The engineering team picked a stack — maybe it's event-driven, maybe it's a specific message queue, maybe they went all-in on a NoSQL database because it was hot on Hacker News. The product shipped. Investors were happy.

But now someone wants a dashboard. And suddenly we're trying to reverse-engineer events back into a relational model. The JSON blobs in production have no schema. The "real-time" streaming platform they chose doesn't actually play nice with batch processing.

That's the data pipeline trap.

The problem isn't the tools. It's when the tools were chosen.

Buzzword tech stacks are almost always selected for the product use case — low latency, high throughput, whatever the frontend needs. Nobody asks: "How will this data be consumed six months from now?"

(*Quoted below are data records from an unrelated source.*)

(* Let $A$ be a synaptic algebra, $p,q\in P$, $r:=(p\vee q)\wedge(p\vee q^{\perp})\wedge(p^{\perp}\vee q)\wedge(p^{\perp}\vee q^{\perp})$, $r_p:=p\wedge(p^{\perp}\vee q)\wedge(p^{\perp}\vee q^{\perp})$ and $r_q:=q\wedge(p\vee q^{\perp})\wedge(p^{\perp}\vee q^{\perp})$. Then $r_p=pr=rp=r\wedge p$ and $r_q=qr=rq=r\wedge q$ belong to $P[0,r]$, and $r_p$ and $r_q$ are in generic position in the synaptic algebra $rAr$; that is, $r_p\wedge r_q=r_p\wedge(r-r_q)=(r-r_p)\wedge r_q=(r-r_p)\wedge(r-r_q)=0$.
   Context: Synaptic algebra (Foulis): $R$ is a real linear associative algebra with unit $1$, and $A\subseteq R$ is a real linear subspace with $1\in A$. For $a,b\in A$ write $aCb$ iff $ab=ba$; $C(a):=\{b\in A: aCb\}$; $CC(a):=\{b\in A: bCd \text{ for all } d\in C(a)\}$. $A$ is a synaptic algebra with enveloping algebra $R$ iff: (SA1) $A$ is a partially ordered archimedean real linear space with positive cone $A^+$, $1$ is an order unit, $\|\cdot\|$ the order-unit norm; (SA2) $a\in A\Rightarrow a^2\in A^+$; (SA3) $a,b\in A^+\Rightarrow aba\in A^+$; (SA4) if $a\in A$, $b\in A^+$, $aba=0$ then $ab=ba=0$; (SA5) if $a\in A^+$ there is $b\in A^+\cap CC(a)$ with $b^2=a$; (SA6) for $a\in A$ there is $p=p^2\in A$ with $ab=0\Leftrightarrow pb=0$ for all $b\in A$; (SA7) if $1\le a$ there is $b\in A$ with $ab=ba=1$; (SA8) if $a,b\in A$, $a_1\le a_2\le\cdots$ are pairwise commuting elements of $C(b)$ with $\|a-a_n\|\to0$, then $a\in C(b)$. $A$ is nondegenerate. $P:=\{p\in A:p=p^2\}$ with the inherited order is an orthomodular lattice with $p^{\perp}:=1-p$, meet $\wedge$, join $\vee$. For $r\in P$, $rAr:=\{rar:a\in A\}=\{b\in A:b=br=rb\}$ is a synaptic algebra with unit $r$ (enveloping algebra $rRr$), whose projection lattice is $P[0,r]:=\{x\in P:x\le r\}$ with orthocomplement $x\mapsto r-x=x^{\perp}\wedge r$. Two projections $x,y$ of a synaptic algebra are in generic position iff $x\wedge y=x\wedge y'=x'\wedge y=x'\wedge y'=0$, where $'$ is the orthocomplement of that algebra. *)

theory Defs
  imports Main "HOL.Real_Vector_Spaces"
begin

text \<open>The enveloping algebra R is the type 'a, a real
  linear associative algebra with unit (class real_algebra_1). A synaptic algebra is
  given by a carrier A (a real linear subspace of R containing 1) together with its
  positive cone Pos = A^+.\<close>

definition sa_le :: "'a::real_algebra_1 set \<Rightarrow> 'a \<Rightarrow> 'a \<Rightarrow> bool" where
  "sa_le Pos a b \<longleftrightarrow> b - a \<in> Pos"

definition order_unit_norm :: "'a::real_algebra_1 set \<Rightarrow> 'a \<Rightarrow> real" where
  "order_unit_norm Pos a =
     Inf {l::real. 0 < l \<and> sa_le Pos (- (l *\<^sub>R 1)) a \<and> sa_le Pos a (l *\<^sub>R 1)}"

definition commutant :: "'a::real_algebra_1 set \<Rightarrow> 'a \<Rightarrow> 'a set" where
  "commutant A a = {b \<in> A. a * b = b * a}"

definition bicommutant :: "'a::real_algebra_1 set \<Rightarrow> 'a \<Rightarrow> 'a set" where
  "bicommutant A a = {b \<in> A. \<forall>d \<in> commutant A a. b * d = d * b}"

definition synaptic_algebra :: "'a::real_algebra_1 set \<Rightarrow> 'a set \<Rightarrow> bool" where
  "synaptic_algebra A Pos \<longleftrightarrow>
     \<comment> \<open>A is a real linear subspace of R containing 1\<close>
     (0 \<in> A \<and> 1 \<in> A \<and> (\<forall>a\<in>A. \<forall>b\<in>A. a + b \<in> A) \<and> (\<forall>c::real. \<forall>a\<in>A. c *\<^sub>R a \<in> A)) \<and>
     \<comment> \<open>SA1: partially ordered archimedean real linear space with positive cone Pos, 1 an order unit\<close>
     Pos \<subseteq> A \<and>
     (\<forall>a\<in>Pos. \<forall>b\<in>Pos. a + b \<in> Pos) \<and>
     (\<forall>c::real. \<forall>a\<in>Pos. 0 \<le> c \<longrightarrow> c *\<^sub>R a \<in> Pos) \<and>
     (\<forall>a\<in>Pos. - a \<in> Pos \<longrightarrow> a = 0) \<and>
     (\<forall>a\<in>A. \<forall>b\<in>A. (\<forall>n::nat. sa_le Pos (of_nat n *\<^sub>R a) b) \<longrightarrow> sa_le Pos a 0) \<and>
     (\<forall>a\<in>A. \<exists>l::real. 0 < l \<and> sa_le Pos (- (l *\<^sub>R 1)) a \<and> sa_le Pos a (l *\<^sub>R 1)) \<and>
     \<comment> \<open>SA2\<close>
     (\<forall>a\<in>A. a * a \<in> Pos) \<and>
     \<comment> \<open>SA3\<close>
     (\<forall>a\<in>Pos. \<forall>b\<in>Pos. a * b * a \<in> Pos) \<and>
     \<comment> \<open>SA4\<close>
     (\<forall>a\<in>A. \<forall>b\<in>Pos. a * b * a = 0 \<longrightarrow> a * b = 0 \<and> b * a = 0) \<and>
     \<comment> \<open>SA5\<close>
     (\<forall>a\<in>Pos. \<exists>b\<in>Pos \<inter> bicommutant A a. b * b = a) \<and>
     \<comment> \<open>SA6\<close>
     (\<forall>a\<in>A. \<exists>p\<in>A. p * p = p \<and> (\<forall>b\<in>A. a * b = 0 \<longleftrightarrow> p * b = 0)) \<and>
     \<comment> \<open>SA7\<close>
     (\<forall>a\<in>A. sa_le Pos 1 a \<longrightarrow> (\<exists>b\<in>A. a * b = 1 \<and> b * a = 1)) \<and>
     \<comment> \<open>SA8\<close>
     (\<forall>a\<in>A. \<forall>b\<in>A. \<forall>s::nat \<Rightarrow> 'a.
        (\<forall>n. s n \<in> commutant A b) \<and>
        (\<forall>n. sa_le Pos (s n) (s (Suc n))) \<and>
        (\<forall>m n. s m * s n = s n * s m) \<and>
        (\<lambda>n. order_unit_norm Pos (a - s n)) \<longlonglongrightarrow> 0
        \<longrightarrow> a \<in> commutant A b)"

definition projections :: "'a::real_algebra_1 set \<Rightarrow> 'a set" where
  "projections A = {p \<in> A. p * p = p}"

definition pmeet :: "'a::real_algebra_1 set \<Rightarrow> 'a set \<Rightarrow> 'a \<Rightarrow> 'a \<Rightarrow> 'a" where
  "pmeet A Pos p q = (THE r. r \<in> projections A \<and> sa_le Pos r p \<and> sa_le Pos r q \<and>
     (\<forall>s\<in>projections A. sa_le Pos s p \<and> sa_le Pos s q \<longrightarrow> sa_le Pos s r))"

definition pjoin :: "'a::real_algebra_1 set \<Rightarrow> 'a set \<Rightarrow> 'a \<Rightarrow> 'a \<Rightarrow> 'a" where
  "pjoin A Pos p q = (THE r. r \<in> projections A \<and> sa_le Pos p r \<and> sa_le Pos q r \<and>
     (\<forall>s\<in>projections A. sa_le Pos p s \<and> sa_le Pos q s \<longrightarrow> sa_le Pos r s))"

definition pperp :: "'a::real_algebra_1 \<Rightarrow> 'a" where
  "pperp p = 1 - p"

end

theory Submission
  imports Defs
begin

text \<open>For projections, \<open>e \<le> f\<close> holds iff \<open>e * f = e\<close>, and the join of \<open>e\<close> and \<open>f\<close>
  is the projection that SA6 attaches to \<open>e + f\<close>: by SA3 and SA4, \<open>(e + f) * b = 0\<close> iff
  \<open>e * b = 0\<close> and \<open>f * b = 0\<close> for every projection \<open>b\<close>. Meets are then given by \<open>e \<and> f = (e' \<or> f')'\<close>.
  If \<open>p\<close> commutes with \<open>e\<close> and \<open>f\<close>, then \<open>e \<or> f = (pe \<or> pf) + (p'e \<or> p'f)\<close> with the summands
  below \<open>p\<close> and \<open>p'\<close> respectively, so \<open>p\<close> commutes with \<open>e \<or> f\<close> and with \<open>e \<and> f\<close>.
  Since \<open>p\<close> lies below \<open>p \<or> q\<close> and \<open>p \<or> q'\<close>, and \<open>p'\<close> below \<open>p' \<or> q\<close> and \<open>p' \<or> q'\<close>,
  \<open>p\<close> commutes with \<open>r\<close>; hence \<open>r \<and> p = r * p\<close> and \<open>r - r * p = r \<and> p'\<close>, while \<open>r \<and> p = r\<^sub>p\<close>
  because \<open>p \<le> p \<or> q, p \<or> q'\<close>. Finally each of the four meets lies below some \<open>a \<in> {p, p'}\<close>,
  some \<open>b \<in> {q, q'}\<close> and \<open>r \<le> a' \<or> b' \<le> (a \<and> b)'\<close>, so it lies below its own orthocomplement
  and is therefore \<open>0\<close>.\<close>

locale weak_synaptic_algebra =
  fixes A Pos :: "'a::real_algebra_1 set"
  assumes one_mem: "1 \<in> A"
    and add_mem: "a \<in> A \<Longrightarrow> b \<in> A \<Longrightarrow> a + b \<in> A"
    and scaleR_mem: "a \<in> A \<Longrightarrow> c *\<^sub>R a \<in> A"
    and pos_subset: "Pos \<subseteq> A"
    and pos_add: "a \<in> Pos \<Longrightarrow> b \<in> Pos \<Longrightarrow> a + b \<in> Pos"
    and pos_antisym: "a \<in> Pos \<Longrightarrow> - a \<in> Pos \<Longrightarrow> a = 0"
    and square_pos: "a \<in> A \<Longrightarrow> a * a \<in> Pos"
    and sandwich_pos: "a \<in> Pos \<Longrightarrow> b \<in> Pos \<Longrightarrow> a * b * a \<in> Pos"
    and sandwich_eq_0D: "a \<in> A \<Longrightarrow> b \<in> Pos \<Longrightarrow> a * b * a = 0 \<Longrightarrow> a * b = 0 \<and> b * a = 0"
    and annihilator_proj_ex:
      "a \<in> A \<Longrightarrow> \<exists>c\<in>A. c * c = c \<and> (\<forall>b\<in>A. a * b = 0 \<longleftrightarrow> c * b = 0)"

lemma synaptic_algebra_weak:
  assumes "synaptic_algebra A Pos"
  shows "weak_synaptic_algebra A Pos"
proof -
  have "1 \<in> A \<and> (\<forall>a\<in>A. \<forall>b\<in>A. a + b \<in> A) \<and> (\<forall>c::real. \<forall>a\<in>A. c *\<^sub>R a \<in> A) \<and>
    Pos \<subseteq> A \<and> (\<forall>a\<in>Pos. \<forall>b\<in>Pos. a + b \<in> Pos) \<and> (\<forall>a\<in>Pos. - a \<in> Pos \<longrightarrow> a = 0) \<and>
    (\<forall>a\<in>A. a * a \<in> Pos) \<and> (\<forall>a\<in>Pos. \<forall>b\<in>Pos. a * b * a \<in> Pos) \<and>
    (\<forall>a\<in>A. \<forall>b\<in>Pos. a * b * a = 0 \<longrightarrow> a * b = 0 \<and> b * a = 0) \<and>
    (\<forall>a\<in>A. \<exists>c\<in>A. c * c = c \<and> (\<forall>b\<in>A. a * b = 0 \<longleftrightarrow> c * b = 0))"
    using assms unfolding synaptic_algebra_def by (elim conjE) (intro conjI; assumption)
  then show ?thesis
    by (intro weak_synaptic_algebra.intro) simp_all
qed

By the time a data team enters the picture, the architecture is already baked. You end up duct-taping connectors, writing custom exporters, and paying for middleware that exists only to translate between incompatible systems. Operational overhead balloons. Costs creep up. And the data team spends 80% of its time on plumbing instead of insights.

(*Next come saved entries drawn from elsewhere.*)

(* Let $p$ be a prime, $u_1>u_2\ge 1$ integers, $s_1=p^{u_1}$, $s_2=p^{u_2}$, $F=\mathrm{GF}(s_1)$ and $G=\mathrm{GF}(s_2)$ represented as below, and let $\delta$ be either the truncation projection $\phi$ or the modulus projection $\varphi$. If $D$ is a difference matrix $D(b,c,s_1)$ with entries in $F$ (over the additive group of $F$), then $\delta(D)$ is a difference matrix $D(b,c,s_2)$ over the additive group of $G$.
   Context: $F$ is represented as the set of polynomials over $\mathrm{GF}(p)$ of degree less than $u_1$ with arithmetic modulo an irreducible polynomial $p_1(x)$ of degree $u_1$; $G$ is represented as the polynomials over $\mathrm{GF}(p)$ of degree less than $u_2$ with arithmetic modulo an irreducible polynomial $p_2(x)$ of degree $u_2$. The truncation projection is $\phi(a_0+a_1x+\cdots+a_{u_1-1}x^{u_1-1})=a_0+\cdots+a_{u_2-1}x^{u_2-1}$; the modulus projection is $\varphi(f(x))=f(x)\bmod p_2(x)$. For an array $D$, $\delta(D)$ denotes entrywise application of $\delta$. A difference matrix $D(b,c,g)$ over a finite abelian group of order $g$ is a $b\times c$ array with entries in the group such that, for any two distinct columns, their entrywise difference contains every group element equally often. *)

theory Defs
  imports "Berlekamp_Zassenhaus.Finite_Field" "HOL-Computational_Algebra.Polynomial"
begin

text \<open>GF(p) is the type 'p mod_ring (CARD('p) = p prime).  GF(p^u) is represented
  as the polynomials over GF(p) of degree less than u (arithmetic modulo an
  irreducible polynomial of degree u; the additive group is polynomial addition).\<close>

definition gf_carrier :: "nat \<Rightarrow> ('p::prime_card mod_ring) poly set" where
  "gf_carrier u = {f. degree f < u}"

definition trunc_proj :: "nat \<Rightarrow> 'a::comm_ring_1 poly \<Rightarrow> 'a poly" where
  "trunc_proj u f = (\<Sum>i<u. monom (coeff f i) i)"

definition mod_proj :: "'a::field poly \<Rightarrow> 'a poly \<Rightarrow> 'a poly" where
  "mod_proj p2 f = f mod p2"

definition difference_matrix ::
  "nat \<Rightarrow> nat \<Rightarrow> nat \<Rightarrow> 'a::ab_group_add set \<Rightarrow> (nat \<Rightarrow> nat \<Rightarrow> 'a) \<Rightarrow> bool" where
  "difference_matrix b c g S D \<longleftrightarrow>
     card S = g \<and>
     (\<forall>i<b. \<forall>j<c. D i j \<in> S) \<and>
     (\<forall>j1<c. \<forall>j2<c. j1 \<noteq> j2 \<longrightarrow>
        (\<exists>lam. \<forall>x\<in>S. card {i. i < b \<and> D i j1 - D i j2 = x} = lam))"

end

theory Submission
  imports Defs
begin

text \<open>A projection \<open>\<delta>\<close> as in the statement restricts to an additive homomorphism from
  \<open>GF(p^u\<^sub>1)\<close> onto \<open>GF(p^u\<^sub>2)\<close> (it fixes the polynomials of degree less than \<open>u\<^sub>2\<close>). All its
  fibres are cosets of the kernel and hence have the same size \<open>k\<close>. For two distinct columns
  of \<open>D\<close>, the rows in which the projected difference equals \<open>x\<close> are the rows in which the
  original difference lies in the fibre over \<open>x\<close>, so every \<open>x\<close> occurs exactly \<open>\<lambda>k\<close> times.
  Neither the irreducibility of \<open>p\<^sub>1\<close>, \<open>p\<^sub>2\<close> nor multiplication plays any role: only the
  additive groups are involved.\<close>

lemma card_fibre_eq_card_kernel:
  fixes d :: "'a::ab_group_add \<Rightarrow> 'b::ab_group_add"
  assumes add_closed: "\<And>x y. x \<in> S \<Longrightarrow> y \<in> S \<Longrightarrow> x + y \<in> S"
    and diff_closed: "\<And>x y. x \<in> S \<Longrightarrow> y \<in> S \<Longrightarrow> x - y \<in> S"
    and hom: "\<And>x y. x \<in> S \<Longrightarrow> y \<in> S \<Longrightarrow> d (x - y) = d x - d y"
    and z: "z \<in> d ` S"
  shows "card {x \<in> S. d x = z} = card {x \<in> S. d x = 0}"
proof -
  obtain x0 where x0: "x0 \<in> S" "d x0 = z" using z by blast
  have "bij_betw (\<lambda>x. x - x0) {x \<in> S. d x = z} {x \<in> S. d x = 0}"
  proof (rule bij_betw_byWitness[where f' = "\<lambda>y. y + x0"])
    show "(\<lambda>x. x - x0) ` {x \<in> S. d x = z} \<subseteq> {x \<in> S. d x = 0}"
      using x0 diff_closed hom by auto
    show "(\<lambda>y. y + x0) ` {x \<in> S. d x = 0} \<subseteq> {x \<in> S. d x = z}"
    proof (rule image_subsetI)
      fix y assume y: "y \<in> {x \<in> S. d x = 0}"
      then have "y + x0 \<in> S" using x0 add_closed by blast
      moreover have "d (y + x0) - z = 0"
        using hom[OF \<open>y + x0 \<in> S\<close> \<open>x0 \<in> S\<close>] x0 y by simp
      ultimately show "y + x0 \<in> {x \<in> S. d x = z}" by simp
    qed
  qed auto
  then show ?thesis by (rule bij_betw_same_card)
qed

lemma difference_matrix_hom_image:
  fixes d :: "'a::ab_group_add \<Rightarrow> 'b::ab_group_add"
  assumes dm: "difference_matrix b c g S D"
    and "finite S"
    and add_closed: "\<And>x y. x \<in> S \<Longrightarrow> y \<in> S \<Longrightarrow> x + y \<in> S"
    and diff_closed: "\<And>x y. x \<in> S \<Longrightarrow> y \<in> S \<Longrightarrow> x - y \<in> S"
    and hom: "\<And>x y. x \<in> S \<Longrightarrow> y \<in> S \<Longrightarrow> d (x - y) = d x - d y"
    and image: "d ` S = T"
    and "card T = h"
  shows "difference_matrix b c h T (\<lambda>i j. d (D i j))"
proof -
  have entries: "\<forall>i<b. \<forall>j<c. D i j \<in> S"
    and balanced: "\<forall>j1<c. \<forall>j2<c. j1 \<noteq> j2 \<longrightarrow>
        (\<exists>lam. \<forall>x\<in>S. card {i. i < b \<and> D i j1 - D i j2 = x} = lam)"
    using dm unfolding difference_matrix_def by auto
  define fibre where "fibre z = {x \<in> S. d x = z}" for z
  have "\<exists>lam. \<forall>z\<in>T. card {i. i < b \<and> d (D i j1) - d (D i j2) = z} = lam"
    if j: "j1 < c" "j2 < c" "j1 \<noteq> j2" for j1 j2
  proof -
    obtain lam where lam: "\<forall>x\<in>S. card {i. i < b \<and> D i j1 - D i j2 = x} = lam"
      using balanced j by blast
    have "card {i. i < b \<and> d (D i j1) - d (D i j2) = z} = lam * card (fibre 0)"
      if "z \<in> T" for z
    proof -
      have "{i. i < b \<and> d (D i j1) - d (D i j2) = z}
          = (\<Union>x\<in>fibre z. {i. i < b \<and> D i j1 - D i j2 = x})"
        using entries j diff_closed hom unfolding fibre_def by auto
      also have "card \<dots> = (\<Sum>x\<in>fibre z. card {i. i < b \<and> D i j1 - D i j2 = x})"
        using \<open>finite S\<close> by (intro card_UN_disjoint) (auto simp: fibre_def)
      also have "\<dots> = lam * card (fibre z)"
        using lam by (simp add: fibre_def)
      also have "card (fibre z) = card (fibre 0)"
        unfolding fibre_def
        using card_fibre_eq_card_kernel[OF add_closed diff_closed hom] image \<open>z \<in> T\<close> by blast
      finally show ?thesis .
    qed
    then show ?thesis by blast
  qed
  moreover have "\<forall>i<b. \<forall>j<c. d (D i j) \<in> T"
    using entries image by blast
  ultimately show ?thesis
    using \<open>card T = h\<close> unfolding difference_matrix_def by blast
qed

lemma card_poly_degree_less:
  assumes "n > 0"
  shows "card {f :: 'a::{zero,finite} poly. degree f < n} = CARD('a) ^ n"
proof -
  have "bij_betw (\<lambda>f. map (coeff f) [0..<n]) {f :: 'a poly. degree f < n}
          {xs. set xs \<subseteq> UNIV \<and> length xs = n}"
  proof (rule bij_betw_byWitness[where f' = Poly])
    show "\<forall>f\<in>{f :: 'a poly. degree f < n}. Poly (map (coeff f) [0..<n]) = f"
      by (auto intro!: poly_eqI simp: coeff_Poly nth_default_def coeff_eq_0)
    show "\<forall>xs\<in>{xs. set xs \<subseteq> UNIV \<and> length xs = n}. map (coeff (Poly xs)) [0..<n] = xs"
      by (auto intro!: nth_equalityI simp: coeff_Poly nth_default_def)
    show "Poly ` {xs. set xs \<subseteq> UNIV \<and> length xs = n} \<subseteq> {f :: 'a poly. degree f < n}"
    proof (rule image_subsetI)
      fix xs :: "'a list" assume "xs \<in> {xs. set xs \<subseteq> UNIV \<and> length xs = n}"
      then have "degree (Poly xs) \<le> n - 1"
        by (intro degree_le) (auto simp: coeff_Poly nth_default_def)
      then show "Poly xs \<in> {f :: 'a poly. degree f < n}" using assms by simp
    qed
  qed auto
  then show ?thesis
    using card_lists_length_eq[of "UNIV :: 'a set" n] by (simp add: bij_betw_same_card)
qed

lemma card_gf_carrier:
  "u \<ge> 1 \<Longrightarrow> card (gf_carrier u :: 'p::prime_card mod_ring poly set) = CARD('p) ^ u"
  unfolding gf_carrier_def by (simp add: card_poly_degree_less)

lemma gf_carrier_add: "f \<in> gf_carrier u \<Longrightarrow> g \<in> gf_carrier u \<Longrightarrow> f + g \<in> gf_carrier u"
  unfolding gf_carrier_def by (simp add: degree_add_less)

lemma gf_carrier_diff: "f \<in> gf_carrier u \<Longrightarrow> g \<in> gf_carrier u \<Longrightarrow> f - g \<in> gf_carrier u"
  unfolding gf_carrier_def by (simp add: degree_diff_less)

lemma difference_matrix_gf_projection:
  fixes D :: "nat \<Rightarrow> nat \<Rightarrow> 'p::prime_card mod_ring poly"
    and \<delta> :: "'p mod_ring poly \<Rightarrow> 'p mod_ring poly"
  assumes dm: "difference_matrix b c (CARD('p) ^ u1) (gf_carrier u1) D"
    and "u2 \<ge> 1"
    and image: "\<delta> ` gf_carrier u1 = gf_carrier u2"
    and hom: "\<And>f g. \<delta> (f - g) = \<delta> f - \<delta> g"
  shows "difference_matrix b c (CARD('p) ^ u2) (gf_carrier u2) (\<lambda>i j. \<delta> (D i j))"
proof -
  have "card (gf_carrier u1 :: 'p mod_ring poly set) > 0"
    using dm unfolding difference_matrix_def by simp
  then have "finite (gf_carrier u1 :: 'p mod_ring poly set)"
    by (rule card_ge_0_finite)
  then show ?thesis
    by (rule difference_matrix_hom_image[OF dm _ _ _ _ image card_gf_carrier[OF \<open>u2 \<ge> 1\<close>]])
      (simp_all add: gf_carrier_add gf_carrier_diff hom)
qed

lemma coeff_trunc_proj: "coeff (trunc_proj u f) n = (if n < u then coeff f n else 0)"
  unfolding trunc_proj_def by (simp add: coeff_sum coeff_monom)

lemma trunc_proj_diff: "trunc_proj u (f - g) = trunc_proj u f - trunc_proj u g"
  by (intro poly_eqI) (simp add: coeff_trunc_proj)

lemma image_trunc_proj_gf_carrier:
  assumes "1 \<le> u2" "u2 \<le> u1"
  shows "trunc_proj u2 ` gf_carrier u1 = (gf_carrier u2 :: 'p::prime_card mod_ring poly set)"
proof -
  have "trunc_proj u2 f \<in> gf_carrier u2" for f :: "'p mod_ring poly"
  proof -
    have "degree (trunc_proj u2 f) \<le> u2 - 1"
      by (rule degree_le) (auto simp: coeff_trunc_proj)
    then show ?thesis using assms unfolding gf_carrier_def by simp
  qed
  moreover have "trunc_proj u2 f = f" if "f \<in> gf_carrier u2" for f :: "'p mod_ring poly"
    using that unfolding gf_carrier_def by (intro poly_eqI) (simp add: coeff_trunc_proj coeff_eq_0)
  moreover have "gf_carrier u2 \<subseteq> (gf_carrier u1 :: 'p mod_ring poly set)"
    using assms unfolding gf_carrier_def by auto
  ultimately show ?thesis by force
qed

lemma image_mod_proj_gf_carrier:
  fixes p :: "'p::prime_card mod_ring poly"
  assumes "degree p = u2" "1 \<le> u2" "u2 \<le> u1"
  shows "mod_proj p ` gf_carrier u1 = gf_carrier u2"
proof -
  have "p \<noteq> 0" using assms by auto
  then have "mod_proj p f \<in> gf_carrier u2" for f
    using assms unfolding gf_carrier_def mod_proj_def
    by (cases "f mod p = 0") (auto intro: degree_mod_less')
  moreover have "mod_proj p f = f" if "f \<in> gf_carrier u2" for f
    using that assms unfolding gf_carrier_def mod_proj_def by (simp add: mod_poly_less)
  moreover have "gf_carrier u2 \<subseteq> gf_carrier u1"
    using assms unfolding gf_carrier_def by auto
  ultimately show ?thesis by force
qed

theorem lemma5:
  fixes p1 p2 :: "('p::prime_card mod_ring) poly"
    and u1 u2 b c :: nat
    and D :: "nat \<Rightarrow> nat \<Rightarrow> 'p mod_ring poly"
  assumes "u1 > u2" and "u2 \<ge> 1"
    and "irreducible p1" and "degree p1 = u1"
    and "irreducible p2" and "degree p2 = u2"
    and "difference_matrix b c (CARD('p) ^ u1) (gf_carrier u1) D"
  shows "difference_matrix b c (CARD('p) ^ u2) (gf_carrier u2)
           (\<lambda>i j. trunc_proj u2 (D i j))
       \<and> difference_matrix b c (CARD('p) ^ u2) (gf_carrier u2)
           (\<lambda>i j. mod_proj p2 (D i j))"
proof
  have "u2 \<le> u1" using \<open>u1 > u2\<close> by simp
  show "difference_matrix b c (CARD('p) ^ u2) (gf_carrier u2) (\<lambda>i j. trunc_proj u2 (D i j))"
    using \<open>u2 \<ge> 1\<close> \<open>u2 \<le> u1\<close>
    by (intro difference_matrix_gf_projection[OF assms(7)] image_trunc_proj_gf_carrier trunc_proj_diff)
  show "difference_matrix b c (CARD('p) ^ u2) (gf_carrier u2) (\<lambda>i j. mod_proj p2 (D i j))"
    using \<open>degree p2 = u2\<close> \<open>u2 \<ge> 1\<close> \<open>u2 \<le> u1\<close>
    by (intro difference_matrix_gf_projection[OF assms(7)] image_mod_proj_gf_carrier)
      (simp_all add: mod_proj_def poly_mod_diff_left)
qed

end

The fix is simple: involve data earlier

When CTOs and founders evaluate a tech stack, they should ask one more question: "Can we export this data efficiently for analytics?"

Not "does it have an API" — everything has an API. But can we get clean, structured, timestamped data out without writing a custom pipeline? If the answer involves "we'll figure that out later," you're already digging the trap.

The best time to design your data infrastructure is before you write your first production query. The second best time is right now.

In the age of AI, this is no longer optional

Every company I talk to wants to "do AI." But AI runs on data — clean, documented, well-modeled data. If your data pipeline is a pile of workarounds, your AI initiatives will fail before they start.

You can't train on garbage. You can't get insights from a firehose of unstructured events that were never designed to be queried.

First principles for data-ready architecture

  • Choose storage that supports both transactional and analytical access patterns. PostgreSQL with foreign data wrappers, or a dedicated OLAP store alongside your OLTP database. Don't force one system to do both.
  • Define schemas early, even if you expect them to change. An imperfect schema you iterate on beats a schemaless blob you can never query.
  • Give the data team a seat at the architecture table before the stack is set in stone. A 30-minute conversation about data access patterns can save months of pipeline work.
  • Think about how data will be used, not just how it will be stored. Who will query it? What questions will they ask? What latency do they need? The answers should shape your infrastructure choices.

The companies that will win in the next five years are the ones that design their data infrastructure from day one — not as an afterthought, but as a first-class concern.

The data pipeline trap is expensive to escape. The best time to avoid it is before you fall in.